The decision to move to a blended housing model will not significantly affect the college’s budgetary planning, Demareski said, but it would affect financial planning for students and families. As a result, implementing the transition would likely occur over a four year period, starting with one incoming class using the new system while the rest of the students still paying according to the 5-tiered system.

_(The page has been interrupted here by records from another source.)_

(* Let $s$ be a real-valued function with $s(t)=0$ for $t\notin[0,T_s]$ and $\int_0^{T_s}s(t)^2dt=1$, and let $\tau\in(0,T_s)$. Assume the matrix $\tilde T(\omega)$ defined in the context is positive definite for every $\omega\in[-\pi,\pi]$. Then for every $\rho_0>0$ and all nonzero complex numbers $\alpha_1,\alpha_2$, $$I_{E\text{-}MacA}>\log\left(1+\rho_0(|\alpha_1|^2+|\alpha_2|^2)\right).$$ The right-hand side is the mutual information of the synchronous space-time-coded $2\times1$ relay–destination link.
   Context: Let $S(t)=[s(t),s(t-\tau)]^T$ and $G(k)=\int_{-\infty}^{\infty}S(t)S(t-kT_s)^Tdt$ for $k\in\mathbb Z$. Define $\tilde T(\omega)=\sum_{k\in\mathbb Z}G(k)e^{-jk\omega}$ for $\omega\in[-\pi,\pi]$, a Hermitian $2\times 2$ matrix. For $s$ supported in $[0,T_s]$, its diagonal entries satisfy $\tilde T_{11}(\omega)=\tilde T_{22}(\omega)=1$. Define $$I_{E\text{-}MacA}=\frac1{2\pi}\int_{-\pi}^{\pi}\log\left(1+\rho_0(|\alpha_1|^2+|\alpha_2|^2)\tilde T_{11}(\omega)+\rho_0^2|\alpha_1|^2|\alpha_2|^2\det\tilde T(\omega)\right)d\omega.$$ *)

theory Defs
  imports "HOL-Analysis.Analysis"
begin

definition Svec :: "(real \<Rightarrow> real) \<Rightarrow> real \<Rightarrow> real \<Rightarrow> real^2" where
  "Svec s tau t = vector [s t, s (t - tau)]"

definition Gmat :: "(real \<Rightarrow> real) \<Rightarrow> real \<Rightarrow> real \<Rightarrow> int \<Rightarrow> real^2^2" where
  "Gmat s tau Ts k = (\<chi> i j. LINT t|lborel. Svec s tau t $ i * Svec s tau (t - real_of_int k * Ts) $ j)"

definition Ttil :: "(real \<Rightarrow> real) \<Rightarrow> real \<Rightarrow> real \<Rightarrow> real \<Rightarrow> complex^2^2" where
  "Ttil s tau Ts \<omega> = (\<chi> i j. \<Sum>\<^sub>\<infinity>k\<in>(UNIV::int set).
       complex_of_real (Gmat s tau Ts k $ i $ j) * cis (- real_of_int k * \<omega>))"

definition cmat_pos_def :: "complex^'n^'n \<Rightarrow> bool" where
  "cmat_pos_def A \<longleftrightarrow> (\<forall>i j. A $ j $ i = cnj (A $ i $ j)) \<and>
     (\<forall>v::complex^'n. v \<noteq> 0 \<longrightarrow>
        (let q = (\<Sum>i\<in>UNIV. \<Sum>j\<in>UNIV. cnj (v $ i) * A $ i $ j * v $ j) in Im q = 0 \<and> Re q > 0))"

text \<open>I_{E-MacA} (natural logarithm; the integrand is real since T~ is Hermitian)\<close>
definition I_EMacA :: "(real \<Rightarrow> real) \<Rightarrow> real \<Rightarrow> real \<Rightarrow> real \<Rightarrow> complex \<Rightarrow> complex \<Rightarrow> real" where
  "I_EMacA s tau Ts \<rho>0 \<alpha>1 \<alpha>2 = (1 / (2 * pi)) *
     (LINT \<omega>:{-pi..pi}|lborel.
        ln (1 + \<rho>0 * ((cmod \<alpha>1)\<^sup>2 + (cmod \<alpha>2)\<^sup>2) * Re (Ttil s tau Ts \<omega> $ 1 $ 1)
             + \<rho>0\<^sup>2 * (cmod \<alpha>1)\<^sup>2 * (cmod \<alpha>2)\<^sup>2 * Re (det (Ttil s tau Ts \<omega>))))"

end

theory Submission
  imports Defs
begin

text \<open>
  Because the pulse s vanishes outside [0, Ts] and 0 < tau < Ts, the
  correlation matrices G(k) are almost all zero: the diagonal entries vanish for k \<noteq> 0
  (the two shifted copies of s overlap in at most one point) and the off-diagonal entry
  G(k)_12 vanishes for k \<notin> {0, -1}.  Hence the series defining T~(omega) are finite:
  T~_11 = G(0)_11 = 1 (the unit energy of s), T~_22 is constant and T~_12 is a
  trigonometric polynomial of degree one, so det T~ is continuous in omega.  Positive
  definiteness of the Hermitian 2x2 matrix T~(omega) gives det T~(omega) > 0, so the
  integrand of I_EMacA is continuous on [-pi, pi] and strictly exceeds
  log (1 + rho0 (|alpha1|^2 + |alpha2|^2)) there.  A continuous function that strictly
  exceeds a constant on a nondegenerate interval has strictly larger mean, which is the
  theorem.
\<close>

definition supported_in :: "real \<Rightarrow> (real \<Rightarrow> real) \<Rightarrow> bool" where
  "supported_in Ts s \<longleftrightarrow> (\<forall>t. t \<notin> {0..Ts} \<longrightarrow> s t = 0)"

text \<open>Two copies of such a pulse shifted by at least Ts overlap in at most one point,
  so their product integrates to zero.\<close>
lemma shifted_product_integral_zero:
  fixes s :: "real \<Rightarrow> real" and a b Ts :: real
  assumes supp: "supported_in Ts s" and far: "Ts \<le> \<bar>a - b\<bar>"
  shows "(LINT t|lborel. s (t - a) * s (t - b)) = 0"
proof -
  have "AE t in lborel. s (t - a) * s (t - b) = 0"
    using AE_lborel_singleton[of "max a b"]
  proof eventually_elim
    case (elim t)
    show ?case
    proof (rule ccontr)
      assume "s (t - a) * s (t - b) \<noteq> 0"
      then have "t - a \<in> {0..Ts}" "t - b \<in> {0..Ts}"
        using supp unfolding supported_in_def by fastforce+
      then show False using far elim by (auto simp: max_def split: if_splits)
    qed
  qed
  then show ?thesis by (simp add: integral_eq_zero_AE)
qed

lemma Gmat_entries:
  "Gmat s \<tau> Ts k $ 1 $ 1 = (LINT t|lborel. s (t - 0) * s (t - k * Ts))"
  "Gmat s \<tau> Ts k $ 2 $ 2 = (LINT t|lborel. s (t - \<tau>) * s (t - (k * Ts + \<tau>)))"
  "Gmat s \<tau> Ts k $ 1 $ 2 = (LINT t|lborel. s (t - 0) * s (t - (k * Ts + \<tau>)))"
  by (simp_all add: Gmat_def Svec_def algebra_simps)

lemma Gmat_vanishing:
  fixes s :: "real \<Rightarrow> real" and Ts \<tau> :: real and k :: int
  assumes supp: "supported_in Ts s" and tau: "0 < \<tau>" "\<tau> < Ts"
  shows "k \<noteq> 0 \<Longrightarrow> Gmat s \<tau> Ts k $ 1 $ 1 = 0"
    and "k \<noteq> 0 \<Longrightarrow> Gmat s \<tau> Ts k $ 2 $ 2 = 0"
    and "k \<notin> {0, -1} \<Longrightarrow> Gmat s \<tau> Ts k $ 1 $ 2 = 0"
proof -
  have far: "Ts \<le> \<bar>k * Ts\<bar>" if "k \<noteq> 0"
    using that tau by (simp add: abs_mult)
  show "Gmat s \<tau> Ts k $ 1 $ 1 = 0" if "k \<noteq> 0"
    using far[OF that] unfolding Gmat_entries
    by (intro shifted_product_integral_zero[OF supp]) simp_all
  show "Gmat s \<tau> Ts k $ 2 $ 2 = 0" if "k \<noteq> 0"
    using far[OF that] unfolding Gmat_entries
    by (intro shifted_product_integral_zero[OF supp]) simp_all
  show "Gmat s \<tau> Ts k $ 1 $ 2 = 0" if k_out: "k \<notin> {0, -1}"
  proof -
    consider "k \<ge> 1" | "k \<le> -2" using k_out by fastforce
    then have "Ts \<le> \<bar>0 - (k * Ts + \<tau>)\<bar>"
    proof cases
      case 1
      then have "Ts \<le> k * Ts" using tau by simp
      then show ?thesis using tau by linarith
    next
      case 2
      then have "k * Ts \<le> -2 * Ts" using tau by (intro mult_right_mono) auto
      then show ?thesis using tau by linarith
    qed
    from shifted_product_integral_zero[OF supp this] show ?thesis
      unfolding Gmat_entries .
  qed
qed

lemma Gmat_0_11:
  assumes supp: "supported_in Ts s"
    and energy: "(LINT t:{0..Ts}|lborel. (s t)\<^sup>2) = 1"
  shows "Gmat s \<tau> Ts 0 $ 1 $ 1 = 1"
proof -
  have "(\<lambda>t. indicator {0..Ts} t *\<^sub>R (s t)\<^sup>2) = (\<lambda>t. s t * s t)"
    using supp by (auto simp: supported_in_def indicator_def power2_eq_square fun_eq_iff)
  then show ?thesis using energy unfolding Gmat_entries set_lebesgue_integral_def by simp
qed

lemma infsum_finite_support:
  fixes f :: "'a \<Rightarrow> 'b::{comm_monoid_add, t2_space}"
  assumes "finite F" "\<And>x. x \<notin> F \<Longrightarrow> f x = 0"
  shows "infsum f UNIV = sum f F"
proof -
  have "infsum f UNIV = infsum f F" by (rule infsum_cong_neutral) (use assms in auto)
  then show ?thesis using assms by simp
qed

lemma Ttil_11:
  assumes supp: "supported_in Ts s"
    and energy: "(LINT t:{0..Ts}|lborel. (s t)\<^sup>2) = 1" and tau: "0 < \<tau>" "\<tau> < Ts"
  shows "Ttil s \<tau> Ts \<omega> $ 1 $ 1 = 1"
proof -
  have "Ttil s \<tau> Ts \<omega> $ 1 $ 1 = (\<Sum>k\<in>{0}. Gmat s \<tau> Ts k $ 1 $ 1 * cis (- k * \<omega>))"
    unfolding Ttil_def vec_lambda_beta
    by (rule infsum_finite_support) (auto intro: Gmat_vanishing(1)[OF supp tau])
  then show ?thesis by (simp add: Gmat_0_11[OF supp energy])
qed

lemma Ttil_22:
  assumes supp: "supported_in Ts s" and tau: "0 < \<tau>" "\<tau> < Ts"
  shows "Ttil s \<tau> Ts \<omega> $ 2 $ 2 = Gmat s \<tau> Ts 0 $ 2 $ 2"
proof -
  have "Ttil s \<tau> Ts \<omega> $ 2 $ 2 = (\<Sum>k\<in>{0}. Gmat s \<tau> Ts k $ 2 $ 2 * cis (- k * \<omega>))"
    unfolding Ttil_def vec_lambda_beta
    by (rule infsum_finite_support) (auto intro: Gmat_vanishing(2)[OF supp tau])
  then show ?thesis by simp
qed

lemma Ttil_12:
  assumes supp: "supported_in Ts s" and tau: "0 < \<tau>" "\<tau> < Ts"
  shows "Ttil s \<tau> Ts \<omega> $ 1 $ 2 = Gmat s \<tau> Ts 0 $ 1 $ 2 + Gmat s \<tau> Ts (-1) $ 1 $ 2 * cis \<omega>"
proof -
  have "Ttil s \<tau> Ts \<omega> $ 1 $ 2 = (\<Sum>k\<in>{0, -1}. Gmat s \<tau> Ts k $ 1 $ 2 * cis (- k * \<omega>))"
    unfolding Ttil_def vec_lambda_beta
    by (rule infsum_finite_support) (auto intro: Gmat_vanishing(3)[OF supp tau])
  then show ?thesis by simp
qed

lemma cmat_pos_def_hermitian:
  "cmat_pos_def A \<Longrightarrow> A $ j $ i = cnj (A $ i $ j)"
  unfolding cmat_pos_def_def by blast

lemma quad_form_2:
  fixes A :: "complex^2^2" and v :: "complex^2"
  shows "(\<Sum>i\<in>UNIV. \<Sum>j\<in>UNIV. cnj (v $ i) * A $ i $ j * v $ j) =
    cnj (v$1) * A$1$1 * v$1 + cnj (v$1) * A$1$2 * v$2 + cnj (v$2) * A$2$1 * v$1 + cnj (v$2) * A$2$2 * v$2"
  by (simp add: sum_2)

text \<open>A positive definite 2x2 matrix has positive determinant: the quadratic form at
  e1 gives a = A_11 > 0, and at v = (-A_12, a) it equals a * det A.\<close>
lemma cmat_pos_def_2_det_pos:
  fixes A :: "complex^2^2"
  assumes pd: "cmat_pos_def A"
  shows "0 < Re (det A)"
proof -
  define a b d where "a = A$1$1" and "b = A$1$2" and "d = A$2$2"
  have herm: "A$2$1 = cnj b" "cnj a = a"
    unfolding a_def b_def by (rule cmat_pos_def_hermitian[OF pd], metis cmat_pos_def_hermitian[OF pd])
  have q: "0 < Re (\<Sum>i\<in>UNIV. \<Sum>j\<in>UNIV. cnj (v $ i) * A $ i $ j * v $ j)" if "v \<noteq> 0" for v
    using pd that unfolding cmat_pos_def_def Let_def by blast
  have "vector [1, 0] \<noteq> (0::complex^2)" by (metis vector_2(1) zero_index zero_neq_one)
  from q[OF this] have a_pos: "0 < Re a" by (simp add: quad_form_2 a_def)
  have "a \<in> \<real>" using herm(2) by (metis Reals_cnj_iff)
  then obtain r where r: "a = complex_of_real r" by (auto elim: Reals_cases)
  have "vector [- b, a] \<noteq> (0::complex^2)"
    using a_pos by (metis vector_2(2) zero_complex.sel(1) zero_index less_irrefl)
  from q[OF this] have "0 < Re (a * det A)"
    by (simp add: quad_form_2 det_2 herm flip: a_def b_def d_def) (simp add: algebra_simps herm(2))
  then show ?thesis using a_pos r by (simp add: zero_less_mult_iff)
qed

lemma Re_det_Ttil:
  assumes supp: "supported_in Ts s"
    and energy: "(LINT t:{0..Ts}|lborel. (s t)\<^sup>2) = 1" and tau: "0 < \<tau>" "\<tau> < Ts"
    and herm: "Ttil s \<tau> Ts \<omega> $ 2 $ 1 = cnj (Ttil s \<tau> Ts \<omega> $ 1 $ 2)"
  shows "Re (det (Ttil s \<tau> Ts \<omega>)) = Gmat s \<tau> Ts 0 $ 2 $ 2 - (cmod (Ttil s \<tau> Ts \<omega> $ 1 $ 2))\<^sup>2"
  by (simp add: det_2 herm Ttil_11[OF supp energy tau] Ttil_22[OF supp tau] cmod_power2)
     (simp add: power2_eq_square)

text \<open>On [-pi, pi], where T~ is Hermitian, Re (det T~) = G(0)_22 - |T~_12|^2 with T~_12 a
  trigonometric polynomial; hence it is continuous there.\<close>
lemma Re_det_Ttil_continuous:
  assumes supp: "supported_in Ts s"
    and energy: "(LINT t:{0..Ts}|lborel. (s t)\<^sup>2) = 1" and tau: "0 < \<tau>" "\<tau> < Ts"
    and pd: "\<And>\<omega>. \<omega> \<in> {-pi..pi} \<Longrightarrow> cmat_pos_def (Ttil s \<tau> Ts \<omega>)"
  shows "continuous_on {-pi..pi} (\<lambda>\<omega>. Re (det (Ttil s \<tau> Ts \<omega>)))"
proof -
  have "continuous_on {-pi..pi} (\<lambda>\<omega>. Gmat s \<tau> Ts 0 $ 2 $ 2 -
      (cmod (Gmat s \<tau> Ts 0 $ 1 $ 2 + Gmat s \<tau> Ts (-1) $ 1 $ 2 * cis \<omega>))\<^sup>2)"
    by (intro continuous_intros)
  then show ?thesis
    by (rule continuous_on_cong[THEN iffD1, rotated 2])
       (simp_all add: Re_det_Ttil[OF supp energy tau] Ttil_12[OF supp tau] cmat_pos_def_hermitian[OF pd])
qed

lemma set_integral_gt_const:
  fixes h :: "real \<Rightarrow> real"
  assumes "a < b" and cont: "continuous_on {a..b} h" and gt: "\<And>x. x \<in> {a..b} \<Longrightarrow> m < h x"
  shows "m * (b - a) < (LINT x:{a..b}|lborel. h x)"
proof -
  have "set_integrable lborel {a..b} h"
    unfolding set_integrable_def by (rule borel_integrable_compact[OF compact_Icc cont])
  then have "(LINT x:{a..b}|lborel. h x) = integral {a..b} h"
    by (rule set_borel_integral_eq_integral(2))
  moreover have "integral {a..b} (\<lambda>_. m) < integral {a..b} h"
    using assms by (intro integral_less_real) auto
  ultimately show ?thesis using \<open>a < b\<close> by (simp add: mult.commute)
qed

theorem theorem10:
  fixes s :: "real \<Rightarrow> real" and Ts \<tau> :: real
  assumes supp: "\<And>t. t \<notin> {0..Ts} \<Longrightarrow> s t = 0"
    and energy: "(LINT t:{0..Ts}|lborel. (s t)\<^sup>2) = 1"
    and tau: "0 < \<tau>" "\<tau> < Ts"
    and pd: "\<And>\<omega>. \<omega> \<in> {-pi..pi} \<Longrightarrow> cmat_pos_def (Ttil s \<tau> Ts \<omega>)"
  shows "\<forall>\<rho>0 > 0. \<forall>\<alpha>1 \<alpha>2 :: complex. \<alpha>1 \<noteq> 0 \<longrightarrow> \<alpha>2 \<noteq> 0 \<longrightarrow>
           I_EMacA s \<tau> Ts \<rho>0 \<alpha>1 \<alpha>2 > ln (1 + \<rho>0 * ((cmod \<alpha>1)\<^sup>2 + (cmod \<alpha>2)\<^sup>2))"
proof (intro allI impI)
  fix \<rho>0 :: real and \<alpha>1 \<alpha>2 :: complex
  assume "\<rho>0 > 0" "\<alpha>1 \<noteq> 0" "\<alpha>2 \<noteq> 0"
  define A where "A = \<rho>0 * ((cmod \<alpha>1)\<^sup>2 + (cmod \<alpha>2)\<^sup>2)"
  define B where "B = \<rho>0\<^sup>2 * (cmod \<alpha>1)\<^sup>2 * (cmod \<alpha>2)\<^sup>2"
  have "A > 0" "B > 0" using \<open>\<rho>0 > 0\<close> \<open>\<alpha>1 \<noteq> 0\<close> \<open>\<alpha>2 \<noteq> 0\<close> by (simp_all add: A_def B_def add_pos_pos)
  have s_supp: "supported_in Ts s" using supp by (simp add: supported_in_def)
  define g where "g \<omega> = 1 + A + B * Re (det (Ttil s \<tau> Ts \<omega>))" for \<omega>
  have g_gt: "1 + A < g \<omega>" if "\<omega> \<in> {-pi..pi}" for \<omega>
    using cmat_pos_def_2_det_pos[OF pd[OF that]] \<open>B > 0\<close> by (simp add: g_def)
  have g_cont: "continuous_on {-pi..pi} g"
    unfolding g_def by (intro continuous_intros Re_det_Ttil_continuous[OF s_supp energy tau pd])
  \<comment> \<open>the integrand of I_EMacA is ln o g, since T~_11 = 1\<close>
  define h where "h \<omega> = ln (g \<omega>)" for \<omega>
  have I: "I_EMacA s \<tau> Ts \<rho>0 \<alpha>1 \<alpha>2 = (LINT \<omega>:{-pi..pi}|lborel. h \<omega>) / (2 * pi)"
    by (simp add: I_EMacA_def h_def g_def A_def B_def Ttil_11[OF s_supp energy tau])
  have h_gt: "ln (1 + A) < h \<omega>" if "\<omega> \<in> {-pi..pi}" for \<omega>
    using g_gt[OF that] \<open>A > 0\<close> by (simp add: h_def)
  have "continuous_on {-pi..pi} h"
    unfolding h_def using g_gt \<open>A > 0\<close>
    by (intro continuous_on_ln g_cont) force
  then have "ln (1 + A) * (pi - - pi) < (LINT \<omega>:{-pi..pi}|lborel. h \<omega>)"
    by (intro set_integral_gt_const h_gt) auto
  then show "I_EMacA s \<tau> Ts \<rho>0 \<alpha>1 \<alpha>2 > ln (1 + \<rho>0 * ((cmod \<alpha>1)\<^sup>2 + (cmod \<alpha>2)\<^sup>2))"
    unfolding I A_def[symmetric] by (simp add: field_simps)
qed

end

This would mean that some students could potentially be paying different amounts for the same housing during the transition period.
Planning to move to a blended housing model has been in the works in the administration for years now, but abolishing tiered housing has gained attention on campus through social justice groups in recent years.
Flor de María Selena Cáceres Godoy ’22 and Kimberly Manalang ’21 are both allies of the Dear Lafayette College, a Black-led student coalition that has named “the abolishment of the housing tier system which perpetuates evident socioeconomic class distinctions” as one of their priorities in a list of demands they released last fall.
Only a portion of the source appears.